THAYER, J., (orally.) In this case the action is upon a policy of fire insurance, and the question to be decided arises upon a demurrer to the petition. The loss occurred on the twenty-third of February, 1886. Proofs of loss were furnished on the twelfth of March, 1886, and this suit was brought on the fourteenth of September, 1886. By the terms of the policy the loss is made payable “60 days after due notice and proofs of the same shall have been made by the assured, and received at the company's office, in accordance with the terms and provisions of the policy.” The policy contained a further provision: “That no suit or action against the company for recovery of any claim, by virtue of this policy, shall be sustainable in any court of law or chancery until after an award shall have been obtained fixing the amount of such claim; nor unless such suit or action shall have been commenced within six months after the loss shall have occurred.”
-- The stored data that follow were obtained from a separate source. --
lemma marginal_off_party:
  assumes j: "j < n" and t: "t \<in> words n c" and m: "m \<in> words n d" and m': "m' \<in> support t"
    and agree: "\<forall>i<n. i \<noteq> j \<longrightarrow> m' ! i = m ! i"
  shows "marginal n d q ({0..<n} - {j}) m t = q m' t"
proof -
  define E where "E = {m'' \<in> words n d. \<forall>i\<in>{0..<n} - {j}. m'' ! i = m ! i}"
  have m'E: "m' \<in> E" using m' agree by (auto simp: E_def support_def)
  have "q m'' t = 0" if "m'' \<in> E - {m'}" for m''
  proof (rule q_vanishes[OF t])
    show "m'' \<notin> support t"
    proof
      assume "m'' \<in> support t"
      then have "[sum_list m'' = sum_list m'] (mod d)"
        using m' unfolding support_def by (blast intro: cong_trans cong_sym)
      moreover have "\<forall>i<n. i \<noteq> j \<longrightarrow> m'' ! i = m' ! i" using that agree by (auto simp: E_def)
      moreover have "m'' \<in> words n d" "m' \<in> words n d" using that m' by (simp_all add: E_def support_def)
      ultimately have "m'' = m'" using j by (blast intro: unique_completion)
      then show False using that by simp
    qed
  qed
  moreover have "finite E" using finite_words by (simp add: E_def)
  ultimately have "(\<Sum>m''\<in>E. q m'' t) = q m' t"
    using sum.remove[of E m' "\<lambda>m''. q m'' t"] m'E by simp
  then show ?thesis by (simp add: marginal_def E_def)
qed
lemma power_mult_fraction_in_p_integral:
  assumes "prime p" "G \<noteq> 0" "\<not> int p ^ Suc J dvd G"
  shows "of_nat p ^ J * (of_int n / of_int G) \<in> p_integral p"
proof -
  obtain v w where vw: "G = int p ^ v * w" "\<not> int p dvd w"
    using multiplicity_decompose'[OF assms(2) int_not_unit_if_prime[OF assms(1)]] by metis
  have "v \<le> J"
  proof (rule ccontr)
    assume "\<not> v \<le> J"
    hence "int p ^ Suc J dvd G" unfolding vw(1) by (intro dvd_mult2 le_imp_power_dvd) simp
    thus False using assms(3) by simp
  qed
  hence "(of_nat p ^ J :: rat) = of_nat p ^ (J - v) * of_nat p ^ v" by (simp flip: power_add)
  hence "of_nat p ^ J * (of_int n / of_int G) = (of_int (int p ^ (J - v) * n) / of_int w :: rat)"
    using assms(1) vw by (simp add: prime_gt_0_nat)
  thus ?thesis using vw(2) unfolding p_integral_def by blast
qed

lemma not_virtual_base_if_p_bounded:
  fixes V :: "rat set"
  assumes p: "prime p" and bounded: "\<And>v. v \<in> V \<Longrightarrow> of_nat p ^ K * v \<in> p_integral p"
  shows "\<not> is_virtual_base V"
proof
  assume "is_virtual_base V"
  then obtain N :: nat where "\<forall>r. \<exists>x e. (\<forall>i<N. x i \<in> V \<and> (e i = 1 \<or> e i = -1)) \<and> r = (\<Sum>i<N. e i * x i)"
    unfolding is_virtual_base_def by blast
  then obtain x e where xe: "\<forall>i<N. x i \<in> V \<and> (e i = 1 \<or> e i = -1)"
    "1 / of_nat p ^ Suc K = (\<Sum>i<N. e i * x i)"
    by blast
  have "(1 / of_nat p :: rat) = of_nat p ^ K * (1 / of_nat p ^ Suc K)" using p by (simp add: prime_gt_0_nat)
  also have "\<dots> = (\<Sum>i<N. e i * (of_nat p ^ K * x i))"
    unfolding xe(2) by (simp add: sum_distrib_left algebra_simps)
  also have "\<dots> \<in> p_integral p"
  proof (rule p_integral_sum[OF p])
    fix i assume "i \<in> {..<N}"
    hence x: "x i \<in> V" and "e i = 1 \<or> e i = -1" using xe(1) by auto
    hence "e i \<in> p_integral p" using of_int_in_p_integral[OF p, of 1] of_int_in_p_integral[OF p, of "-1"] by auto
    thus "e i * (of_nat p ^ K * x i) \<in> p_integral p" by (rule p_integral_mult[OF p _ bounded[OF x]])
  qed
  finally show False using inverse_not_in_p_integral[OF p] by simp
qed

lemma exists_denominator:
  fixes P :: "rat poly"
  shows "\<exists>d::int. d > 0 \<and> (\<forall>i. of_int d * coeff P i \<in> \<int>)"
proof (induction P)
  case (pCons a P)
  then obtain d where d: "d > 0" "\<forall>i. of_int d * coeff P i \<in> \<int>" by blast
  obtain n m where nm: "quotient_of a = (n, m)" by (cases "quotient_of a")
  have m: "m > 0" "a = of_int n / of_int m" using quotient_of_denom_pos[OF nm] quotient_of_div[OF nm] by auto
  have "of_int (d * m) * coeff (pCons a P) i \<in> \<int>" for i
  proof (cases i)
    case 0
    have "of_int (d * m) * coeff (pCons a P) i = of_int (d * n)" using m 0 by simp
    thus ?thesis by (metis Ints_of_int)
  next
    case (Suc j)
    have "of_int (d * m) * coeff P j = of_int m * (of_int d * coeff P j)" by simp
    thus ?thesis using Suc d(2) by (metis Ints_mult Ints_of_int coeff_pCons_Suc)
  qed
  thus ?case using d(1) m(1) by (intro exI[of _ "d * m"]) simp
qed (intro exI[of _ 1], simp)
If the provision last read is construed literally, and without reference to any other provisions of the policy, it would follow that this action was barred on the twenty-third of August, 1886; but, if it is construed in connection with other provisions, a different result may be attained. The clause in question is a special statute of limitations, created by contract between the parties, and it has been held that such stipulations are valid. Riddlesbarger v. Hartford Ins. Co., 7 Wall. 389.
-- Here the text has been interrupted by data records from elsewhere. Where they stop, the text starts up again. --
(* Let $|\psi\rangle$ be a pure three-qubit state with two-qubit reduced states $\rho_{AB},\rho_{AC},\rho_{BC}$. Then $S_{AB}>S_{AC}>S_{BC}$ if and only if $\mathcal C_{AB}>\mathcal C_{AC}>\mathcal C_{BC}$.
   Context: For a two-qubit state $\rho$ let $t_{kl}=\mathrm{Tr}[\rho\,\sigma_k\otimes\sigma_l]$ ($\sigma_k$ Pauli matrices) and $S(\rho)=\sum_{k,l=1}^3 t_{kl}^2$; $S_{ij}=S(\rho_{ij})$. $\mathcal C_{ij}$ denotes the (Wootters) concurrence of $\rho_{ij}$: $\mathcal C(\rho)=\max\{0,\lambda_1-\lambda_2-\lambda_3-\lambda_4\}$, where $\lambda_1\ge\dots\ge\lambda_4$ are the square roots of the eigenvalues of $\rho(\sigma_2\otimes\sigma_2)\rho^*(\sigma_2\otimes\sigma_2)$. *)

theory Defs
  imports "Jordan_Normal_Form.Char_Poly" "HOL-Computational_Algebra.Polynomial"
begin

(* Three-qubit pure state: psi is a complex vector of dimension 8, with
   computational basis index 4*a + 2*b + c for qubits A,B,C (a,b,c in {0,1}).
   Two-qubit operators are 4x4 complex matrices with basis index 2*i + j. *)

definition tr :: "complex mat \<Rightarrow> complex" where
  "tr M = (\<Sum>i<dim_row M. M $$ (i, i))"

definition pauli :: "nat \<Rightarrow> complex mat" where
  "pauli k = (if k = 1 then mat_of_rows_list 2 [[0, 1], [1, 0]]
              else if k = 2 then mat_of_rows_list 2 [[0, -\<i>], [\<i>, 0]]
              else if k = 3 then mat_of_rows_list 2 [[1, 0], [0, -1]]
              else 1\<^sub>m 2)"

definition kron2 :: "complex mat \<Rightarrow> complex mat \<Rightarrow> complex mat" where
  "kron2 A B = mat 4 4 (\<lambda>(r, s). A $$ (r div 2, s div 2) * B $$ (r mod 2, s mod 2))"

definition rho_AB :: "complex vec \<Rightarrow> complex mat" where
  "rho_AB psi = mat 4 4 (\<lambda>(r, s). \<Sum>c<2. psi $ (2 * r + c) * cnj (psi $ (2 * s + c)))"

definition rho_AC :: "complex vec \<Rightarrow> complex mat" where
  "rho_AC psi = mat 4 4 (\<lambda>(r, s). \<Sum>b<2.
      psi $ (4 * (r div 2) + 2 * b + r mod 2) * cnj (psi $ (4 * (s div 2) + 2 * b + s mod 2)))"

definition rho_BC :: "complex vec \<Rightarrow> complex mat" where
  "rho_BC psi = mat 4 4 (\<lambda>(r, s). \<Sum>a<2. psi $ (4 * a + r) * cnj (psi $ (4 * a + s)))"

(* correlation tensor t_kl = Tr[rho sigma_k (x) sigma_l]  (real for Hermitian rho) *)
definition corr :: "complex mat \<Rightarrow> nat \<Rightarrow> nat \<Rightarrow> real" where
  "corr \<rho> k l = Re (tr (\<rho> * kron2 (pauli k) (pauli l)))"

definition S_corr :: "complex mat \<Rightarrow> real" where
  "S_corr \<rho> = (\<Sum>k\<in>{1..3}. \<Sum>l\<in>{1..3}. (corr \<rho> k l)\<^sup>2)"

definition spin_flip :: "complex mat \<Rightarrow> complex mat" where
  "spin_flip \<rho> = \<rho> * kron2 (pauli 2) (pauli 2) * map_mat cnj \<rho> * kron2 (pauli 2) (pauli 2)"

(* square roots of the eigenvalues (with multiplicity) of rho*rho~, in increasing order;
   these eigenvalues are real and nonnegative for a density matrix *)
definition wootters_lambdas :: "complex mat \<Rightarrow> real list" where
  "wootters_lambdas \<rho> =
     sorted_list_of_multiset (image_mset (\<lambda>z. sqrt (Re z)) (proots (char_poly (spin_flip \<rho>))))"

definition concurrence :: "complex mat \<Rightarrow> real" where
  "concurrence \<rho> = (let l = wootters_lambdas \<rho> in
      max 0 (l ! 3 - l ! 2 - l ! 1 - l ! 0))"

end

theory Submission
  imports Defs
begin

(* Write the pure state as a 4x2 matrix M whose rows are indexed by the kept pair of qubits and
   whose columns by the traced-out one, so that rho_XY = M M^dagger.  The nonzero eigenvalues of
   rho rho~ are those of conj(tau) tau, where tau = M^T (sigma_y (x) sigma_y) M is Wootters'
   symmetric 2x2 matrix; hence C_XY = sqrt (|tau|^2 - 2 |det tau|) with |tau| the Frobenius norm.
   For a three-qubit pure state det tau is the same for all three pairs (it measures the
   three-tangle), and so is S_XY - 3 |tau|^2.  Hence both orderings are the ordering of
   |tau_XY|^2. *)

lemma assoc_mult_mat_dim:
  "dim_col A = dim_row B \<Longrightarrow> dim_col B = dim_row C \<Longrightarrow> A * B * C = A * (B * C)"
  by (rule assoc_mult_mat[OF carrier_matI carrier_matI carrier_matI]) auto

lemma comm_ring_hom_cnj: "comm_ring_hom cnj"
  by unfold_locales simp_all

lemma map_mat_cnj_mult:
  "dim_col A = dim_row B \<Longrightarrow> map_mat cnj (A * B) = map_mat cnj A * map_mat cnj B"
  using comm_ring_hom_cnj semiring_hom.mat_hom_mult[OF _ carrier_matI carrier_matI]
  by (metis comm_ring_hom.axioms ring_hom.axioms(1))

lemma det_2x2:
  assumes "A \<in> carrier_mat 2 2"
  shows "det A = A $$ (0, 0) * A $$ (1, 1) - A $$ (0, 1) * A $$ (1, 0)"
  by (subst laplace_expansion_column[OF assms, of 0])
    (use assms in \<open>auto simp: cofactor_def mat_delete_def det_single lessThan_Suc numeral_2_eq_2\<close>)

text \<open>Sylvester's determinant identity, from the two block triangular factorisations of
  the matrix with blocks \<open>x \<cdot> 1, X, Y, 1\<close>.\<close>

lemma det_smult_one_minus_mult_commute:
  fixes X Y :: "'a :: idom mat"
  assumes X: "X \<in> carrier_mat n m" and Y: "Y \<in> carrier_mat m n"
  shows "x ^ m * det (x \<cdot>\<^sub>m 1\<^sub>m n - X * Y) = x ^ n * det (x \<cdot>\<^sub>m 1\<^sub>m m - Y * X)"
proof -
  define B where "B = four_block_mat (x \<cdot>\<^sub>m 1\<^sub>m n) X Y (1\<^sub>m m)"
  define R where "R = four_block_mat (1\<^sub>m n) (0\<^sub>m n m) (- Y) (1\<^sub>m m)"
  define L where "L = four_block_mat (1\<^sub>m n) (0\<^sub>m n m) (- Y) (x \<cdot>\<^sub>m 1\<^sub>m m)"
  have carrier: "B \<in> carrier_mat (n + m) (n + m)" "R \<in> carrier_mat (n + m) (n + m)"
    "L \<in> carrier_mat (n + m) (n + m)"
    using X Y by (simp_all add: B_def R_def L_def)
  have "det R = det (1\<^sub>m n) * det (1\<^sub>m m)"
    unfolding R_def using Y by (intro det_four_block_mat_upper_right_zero) auto
  then have det_R: "det R = 1" by simp
  have "det L = det (1\<^sub>m n) * det (x \<cdot>\<^sub>m 1\<^sub>m m)"
    unfolding L_def using Y by (intro det_four_block_mat_upper_right_zero) auto
  then have det_L: "det L = x ^ m" by simp
  have BR: "B * R = four_block_mat (x \<cdot>\<^sub>m 1\<^sub>m n - X * Y) X (0\<^sub>m m n) (1\<^sub>m m)"
    unfolding B_def R_def using X Y
    by (subst mult_four_block_mat[of _ n n _ m _ m]) (auto simp: scalar_prod_def)
  have "det (B * R) = det (x \<cdot>\<^sub>m 1\<^sub>m n - X * Y) * det (1\<^sub>m m)"
    unfolding BR using X Y by (intro det_four_block_mat_lower_left_zero) auto
  then have det_B: "det B = det (x \<cdot>\<^sub>m 1\<^sub>m n - X * Y)"
    using det_mult[OF carrier(1,2)] det_R by simp
  have "Y * (x \<cdot>\<^sub>m 1\<^sub>m n) = x \<cdot>\<^sub>m 1\<^sub>m m * Y"
    using Y by (simp add: mult_smult_distrib[OF Y one_carrier_mat]
        mult_smult_assoc_mat[OF one_carrier_mat Y])
  then have LB: "L * B = four_block_mat (x \<cdot>\<^sub>m 1\<^sub>m n) X (0\<^sub>m m n) (x \<cdot>\<^sub>m 1\<^sub>m m - Y * X)"
    unfolding B_def L_def using X Y
    by (subst mult_four_block_mat[of _ n n _ m _ m]) (auto simp: minus_add_uminus_mat)
  have "det (L * B) = det (x \<cdot>\<^sub>m 1\<^sub>m n) * det (x \<cdot>\<^sub>m 1\<^sub>m m - Y * X)"
    unfolding LB using X Y by (intro det_four_block_mat_lower_left_zero) auto
  then have "x ^ m * det B = x ^ n * det (x \<cdot>\<^sub>m 1\<^sub>m m - Y * X)"
    using det_mult[OF carrier(3,1)] det_L by simp
  then show ?thesis
    unfolding det_B .
qed

lemma poly_char_poly_eq_det:
  fixes A :: "'a :: field mat"
  assumes "A \<in> carrier_mat n n"
  shows "poly (char_poly A) k = det (k \<cdot>\<^sub>m 1\<^sub>m n - A)"
proof -
  have "- char_matrix A k = k \<cdot>\<^sub>m 1\<^sub>m n - A"
    using assms by (auto simp: char_matrix_def)
  then show ?thesis
    using char_poly_matrix[OF assms] by simp
qed

lemma char_poly_mult_commute:
  fixes X Y :: "'a :: field_char_0 mat"
  assumes X: "X \<in> carrier_mat n m" and Y: "Y \<in> carrier_mat m n" and "m \<le> n"
  shows "char_poly (X * Y) = monom 1 (n - m) * char_poly (Y * X)"
proof -
  have "poly (monom 1 m * char_poly (X * Y)) k = poly (monom 1 n * char_poly (Y * X)) k" for k
    using det_smult_one_minus_mult_commute[OF X Y, of k] X Y
    by (simp add: poly_monom poly_char_poly_eq_det[of _ n] poly_char_poly_eq_det[of _ m])
  then have "monom 1 m * char_poly (X * Y) = monom 1 n * char_poly (Y * X)"
    by (simp add: poly_eq_poly_eq_iff[symmetric] fun_eq_iff)
  also have "monom 1 n = monom 1 m * (monom 1 (n - m) :: 'a poly)"
    using \<open>m \<le> n\<close> by (simp add: mult_monom)
  finally show ?thesis
    by (simp add: mult.assoc)
qed

lemma char_poly_2x2:
  fixes A :: "'a :: field_char_0 mat"
  assumes A: "A \<in> carrier_mat 2 2"
  shows "char_poly A = [:det A, - (A $$ (0, 0) + A $$ (1, 1)), 1:]"
proof -
  have "k \<cdot>\<^sub>m 1\<^sub>m 2 - A \<in> carrier_mat 2 2" for k
    using A by (auto intro: minus_carrier_mat)
  then have "poly (char_poly A) k = poly [:det A, - (A $$ (0, 0) + A $$ (1, 1)), 1:] k" for k
    using A by (simp add: poly_char_poly_eq_det det_2x2 algebra_simps)
  then show ?thesis
    by (simp add: poly_eq_poly_eq_iff[symmetric] fun_eq_iff)
qed

definition frobenius_norm_sq :: "complex mat \<Rightarrow> real" where
  "frobenius_norm_sq N = (\<Sum>i<dim_row N. \<Sum>j<dim_col N. (cmod (N $$ (i, j)))\<^sup>2)"

lemma char_poly_cnj_mult_symmetric_2x2:
  assumes N: "N \<in> carrier_mat 2 2" and sym: "N\<^sup>T = N"
  shows "char_poly (map_mat cnj N * N) =
    [:of_real ((cmod (det N))\<^sup>2), - of_real (frobenius_norm_sq N), 1:]"
proof -
  have norm_sq: "of_real ((cmod z)\<^sup>2) = cnj z * z" for z
    by (subst complex_norm_square) (rule mult.commute)
  have "N $$ (1, 0) = N $$ (0, 1)"
    using N arg_cong[OF sym, of "\<lambda>A. A $$ (0, 1)"] by simp
  then have "frobenius_norm_sq N
      = (cmod (N $$ (0, 0)))\<^sup>2 + 2 * (cmod (N $$ (0, 1)))\<^sup>2 + (cmod (N $$ (1, 1)))\<^sup>2"
    and "map_mat cnj N * N \<in> carrier_mat 2 2"
    and "(map_mat cnj N * N) $$ (0, 0) + (map_mat cnj N * N) $$ (1, 1)
      = cnj (N $$ (0, 0)) * N $$ (0, 0) + 2 * (cnj (N $$ (0, 1)) * N $$ (0, 1))
        + cnj (N $$ (1, 1)) * N $$ (1, 1)"
    using N by (auto simp: frobenius_norm_sq_def scalar_prod_def numeral_2_eq_2)
  moreover have "det (map_mat cnj N * N) = cnj (det N) * det N"
    using N comm_ring_hom.hom_det[OF comm_ring_hom_cnj] by (simp add: det_mult[of _ 2])
  ultimately show ?thesis
    by (simp add: char_poly_2x2 norm_sq del: of_real_power)
qed

lemma det_le_frobenius_norm_sq_symmetric_2x2:
  assumes N: "N \<in> carrier_mat 2 2" and sym: "N\<^sup>T = N"
  shows "2 * cmod (det N) \<le> frobenius_norm_sq N"
proof -
  define a b d where "a = N $$ (0, 0)" and "b = N $$ (0, 1)" and "d = N $$ (1, 1)"
  have "N $$ (1, 0) = b"
    using N arg_cong[OF sym, of "\<lambda>A. A $$ (0, 1)"] by (simp add: b_def)
  then have "det N = a * d - b * b" and frobenius:
    "frobenius_norm_sq N = (cmod a)\<^sup>2 + 2 * (cmod b)\<^sup>2 + (cmod d)\<^sup>2"
    using N by (auto simp: det_2x2 frobenius_norm_sq_def numeral_2_eq_2 a_def b_def d_def)
  then have "cmod (det N) \<le> cmod a * cmod d + (cmod b)\<^sup>2"
    by (metis norm_mult norm_triangle_ineq4 power2_eq_square)
  moreover have "2 * (cmod a * cmod d) \<le> (cmod a)\<^sup>2 + (cmod d)\<^sup>2"
    using sum_squares_bound[of "cmod a" "cmod d"] by (simp add: power2_eq_square)
  ultimately show ?thesis
    unfolding frobenius by linarith
qed

section \<open>Concurrence of a state of rank at most two\<close>

lemma concurrence_of_proots:
  assumes roots: "proots (char_poly (spin_flip A)) = {#0, 0, of_real r1, of_real r2#}"
    and "0 \<le> r2" and "r2 \<le> r1"
  shows "concurrence A = sqrt r1 - sqrt r2"
proof -
  have "wootters_lambdas A = [0, 0, sqrt r2, sqrt r1]"
    unfolding wootters_lambdas_def roots using assms(2,3) by (auto simp: real_sqrt_le_mono)
  then show ?thesis
    unfolding concurrence_def using assms(2,3) by (simp add: real_sqrt_le_mono)
qed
But when does the period of limitation begin to run, in view of other stipulations in the policy? It would seem reasonable to so construe the stipulation as to give the assured the full term of six months in which to sue, after a right to sue has accrued, and this, I think, was the intent of the parties to the contract. The loss is not payable until 60 days after proofs are furnished, and by a further provision the assured is deprived of his right to sue until an award has been made fixing the amount of the claim. In the mean time, according to defendant's theory, the limitation prescribed by the policy is running against the demand, and barring plaintiff of his remedy, although the time has not arrived when it is possible for him to maintain an action. Ordinarily, a statute of limitations does not begin to run until a right of action has accrued,—that is to say, until the plaintiff has full liberty to sue, if he is so inclined; 670and I see no good reason for construing the special statute of limitations imported into this contract in such way as to make it operative during a period when, by virtue of other stipulations of the contract, the right of action is suspended. There is another consideration which supports the view above expressed. The stipulation in question, limiting the right of action to six months after the loss occurs, is a provision, inserted for the special benefit of the insurer. If, then, by comparing the stipulation with other provisions of the policy, a doubt arises as to the time when the limitation begins to run, that construction ought to be given (if it be a reasonable construction) which is most favorable to the assured, against whom it was intended to operate. The view which the court has taken seems to be in harmony with the views expressed by other courts on the same question, Vide Steen v. Niagara Fire Ins, Co., 89 N. Y. 315; Mayor, etc. v. Hamilton Ins. Co., 39 N. Y. 45; Chandler v. St. Paid Ins. Co., 21 Minn. 85; Spare v. Home Mut. Ins. Co., 17 Fed. Rep. 568; and May, Ins. § 479. The demurrer is overruled, and the defendant held to answer.